§ **Assignment**
After checking the listing below, say how many of its lines contain the string "assoc". Only the number is needed.

§ **Data provided**
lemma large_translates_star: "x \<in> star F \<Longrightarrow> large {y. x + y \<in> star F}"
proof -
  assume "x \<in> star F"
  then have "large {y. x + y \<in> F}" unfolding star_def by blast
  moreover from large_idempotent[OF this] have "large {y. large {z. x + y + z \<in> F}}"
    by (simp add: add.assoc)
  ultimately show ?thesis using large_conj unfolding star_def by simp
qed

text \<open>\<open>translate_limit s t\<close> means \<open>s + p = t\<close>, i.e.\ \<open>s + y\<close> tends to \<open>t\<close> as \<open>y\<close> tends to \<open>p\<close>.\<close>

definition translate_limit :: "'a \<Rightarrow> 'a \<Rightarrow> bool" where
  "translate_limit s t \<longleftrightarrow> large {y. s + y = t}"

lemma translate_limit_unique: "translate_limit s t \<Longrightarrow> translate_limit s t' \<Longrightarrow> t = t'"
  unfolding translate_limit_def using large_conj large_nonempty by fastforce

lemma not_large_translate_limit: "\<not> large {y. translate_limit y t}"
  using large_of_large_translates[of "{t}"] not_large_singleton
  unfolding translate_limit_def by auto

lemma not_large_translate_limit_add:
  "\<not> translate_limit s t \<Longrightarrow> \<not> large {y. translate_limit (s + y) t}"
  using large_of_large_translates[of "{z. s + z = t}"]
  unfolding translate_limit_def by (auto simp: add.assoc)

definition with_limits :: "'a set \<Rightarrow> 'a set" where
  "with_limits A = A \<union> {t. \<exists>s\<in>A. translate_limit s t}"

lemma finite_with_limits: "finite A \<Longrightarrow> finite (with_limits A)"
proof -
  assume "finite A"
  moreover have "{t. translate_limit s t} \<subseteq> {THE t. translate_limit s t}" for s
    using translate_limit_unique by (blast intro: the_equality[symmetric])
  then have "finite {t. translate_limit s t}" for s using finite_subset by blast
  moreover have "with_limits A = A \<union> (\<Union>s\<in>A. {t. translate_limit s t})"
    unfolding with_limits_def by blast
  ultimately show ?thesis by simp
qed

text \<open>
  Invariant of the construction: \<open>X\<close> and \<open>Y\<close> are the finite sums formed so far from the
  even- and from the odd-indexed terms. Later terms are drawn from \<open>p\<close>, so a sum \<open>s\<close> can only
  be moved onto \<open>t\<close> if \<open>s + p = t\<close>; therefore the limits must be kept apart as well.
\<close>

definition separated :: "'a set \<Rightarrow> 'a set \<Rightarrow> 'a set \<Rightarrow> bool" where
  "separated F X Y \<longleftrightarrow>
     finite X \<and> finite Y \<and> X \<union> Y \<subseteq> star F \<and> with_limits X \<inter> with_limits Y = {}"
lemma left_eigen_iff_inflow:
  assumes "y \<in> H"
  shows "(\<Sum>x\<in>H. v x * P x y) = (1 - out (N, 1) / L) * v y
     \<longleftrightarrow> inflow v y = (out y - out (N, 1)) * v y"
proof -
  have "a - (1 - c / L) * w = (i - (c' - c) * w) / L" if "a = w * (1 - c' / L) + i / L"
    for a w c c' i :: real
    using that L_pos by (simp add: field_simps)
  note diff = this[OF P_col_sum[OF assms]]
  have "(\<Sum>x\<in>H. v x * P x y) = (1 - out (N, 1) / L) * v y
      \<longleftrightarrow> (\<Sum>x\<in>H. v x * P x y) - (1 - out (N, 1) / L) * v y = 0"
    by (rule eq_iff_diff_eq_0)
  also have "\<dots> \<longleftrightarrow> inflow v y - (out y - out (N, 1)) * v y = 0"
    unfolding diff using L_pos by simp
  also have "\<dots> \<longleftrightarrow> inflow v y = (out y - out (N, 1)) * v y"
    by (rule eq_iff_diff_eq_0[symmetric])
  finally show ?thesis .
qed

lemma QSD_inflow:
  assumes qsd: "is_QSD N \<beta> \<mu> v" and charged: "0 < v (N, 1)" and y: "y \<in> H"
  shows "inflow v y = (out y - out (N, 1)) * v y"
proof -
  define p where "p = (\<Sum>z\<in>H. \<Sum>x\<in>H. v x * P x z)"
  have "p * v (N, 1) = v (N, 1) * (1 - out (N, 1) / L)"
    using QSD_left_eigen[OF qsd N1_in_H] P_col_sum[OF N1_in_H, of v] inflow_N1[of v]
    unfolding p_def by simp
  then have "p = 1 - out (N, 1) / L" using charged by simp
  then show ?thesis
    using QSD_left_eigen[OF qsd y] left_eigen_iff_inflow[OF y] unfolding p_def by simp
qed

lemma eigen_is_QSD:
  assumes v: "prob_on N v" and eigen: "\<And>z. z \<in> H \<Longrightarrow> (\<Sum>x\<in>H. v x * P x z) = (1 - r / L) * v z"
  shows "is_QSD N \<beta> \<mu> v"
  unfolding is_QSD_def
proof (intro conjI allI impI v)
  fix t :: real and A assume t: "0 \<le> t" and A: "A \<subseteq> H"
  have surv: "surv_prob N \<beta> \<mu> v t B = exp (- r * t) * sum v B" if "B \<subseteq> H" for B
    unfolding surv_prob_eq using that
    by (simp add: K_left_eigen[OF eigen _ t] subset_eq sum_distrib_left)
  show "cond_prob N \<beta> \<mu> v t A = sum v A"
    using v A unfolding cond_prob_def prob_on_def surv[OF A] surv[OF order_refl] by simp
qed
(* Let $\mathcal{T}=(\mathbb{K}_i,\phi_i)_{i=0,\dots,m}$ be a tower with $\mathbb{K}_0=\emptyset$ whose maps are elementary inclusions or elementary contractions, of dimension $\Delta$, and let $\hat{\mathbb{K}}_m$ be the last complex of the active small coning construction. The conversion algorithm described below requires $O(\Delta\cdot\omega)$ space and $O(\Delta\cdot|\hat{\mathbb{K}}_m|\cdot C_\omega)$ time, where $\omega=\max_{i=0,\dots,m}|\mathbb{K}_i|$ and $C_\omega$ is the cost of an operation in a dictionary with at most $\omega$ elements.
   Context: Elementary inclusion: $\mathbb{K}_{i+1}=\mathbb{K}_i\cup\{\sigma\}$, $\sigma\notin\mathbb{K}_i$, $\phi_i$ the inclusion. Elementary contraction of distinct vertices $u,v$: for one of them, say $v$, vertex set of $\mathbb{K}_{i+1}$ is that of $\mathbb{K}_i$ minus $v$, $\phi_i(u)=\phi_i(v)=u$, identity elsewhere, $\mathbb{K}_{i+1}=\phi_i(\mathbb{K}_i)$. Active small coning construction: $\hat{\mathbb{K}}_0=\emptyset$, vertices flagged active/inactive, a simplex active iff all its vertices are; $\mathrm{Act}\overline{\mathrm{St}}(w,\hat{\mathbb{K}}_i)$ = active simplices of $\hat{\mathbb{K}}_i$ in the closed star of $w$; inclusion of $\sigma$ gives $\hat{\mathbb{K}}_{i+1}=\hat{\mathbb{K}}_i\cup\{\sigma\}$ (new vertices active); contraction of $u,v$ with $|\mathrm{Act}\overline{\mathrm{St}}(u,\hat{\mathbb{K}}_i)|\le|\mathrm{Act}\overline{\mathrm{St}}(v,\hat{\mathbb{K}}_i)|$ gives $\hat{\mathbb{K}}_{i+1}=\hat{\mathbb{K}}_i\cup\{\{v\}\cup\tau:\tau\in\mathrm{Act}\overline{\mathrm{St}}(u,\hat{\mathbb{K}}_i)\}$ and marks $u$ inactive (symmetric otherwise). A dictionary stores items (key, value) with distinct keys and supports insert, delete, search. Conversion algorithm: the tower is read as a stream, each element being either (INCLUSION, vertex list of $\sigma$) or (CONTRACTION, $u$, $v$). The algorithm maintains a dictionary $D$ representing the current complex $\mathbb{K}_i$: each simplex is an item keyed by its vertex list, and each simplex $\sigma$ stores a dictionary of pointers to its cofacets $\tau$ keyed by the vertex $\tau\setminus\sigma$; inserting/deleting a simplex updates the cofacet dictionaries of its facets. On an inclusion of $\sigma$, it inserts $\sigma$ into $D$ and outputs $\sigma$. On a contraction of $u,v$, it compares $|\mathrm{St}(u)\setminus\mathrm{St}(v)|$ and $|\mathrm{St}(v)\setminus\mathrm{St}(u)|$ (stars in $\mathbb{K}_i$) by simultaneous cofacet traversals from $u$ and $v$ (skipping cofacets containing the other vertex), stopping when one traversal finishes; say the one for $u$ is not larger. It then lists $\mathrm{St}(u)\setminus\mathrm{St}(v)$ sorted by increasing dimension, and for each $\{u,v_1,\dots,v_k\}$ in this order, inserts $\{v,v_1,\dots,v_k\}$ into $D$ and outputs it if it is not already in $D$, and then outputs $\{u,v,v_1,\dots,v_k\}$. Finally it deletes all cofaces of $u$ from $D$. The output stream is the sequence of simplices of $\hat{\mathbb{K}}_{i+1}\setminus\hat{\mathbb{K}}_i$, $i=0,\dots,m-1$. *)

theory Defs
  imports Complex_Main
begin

§ **Solution**
2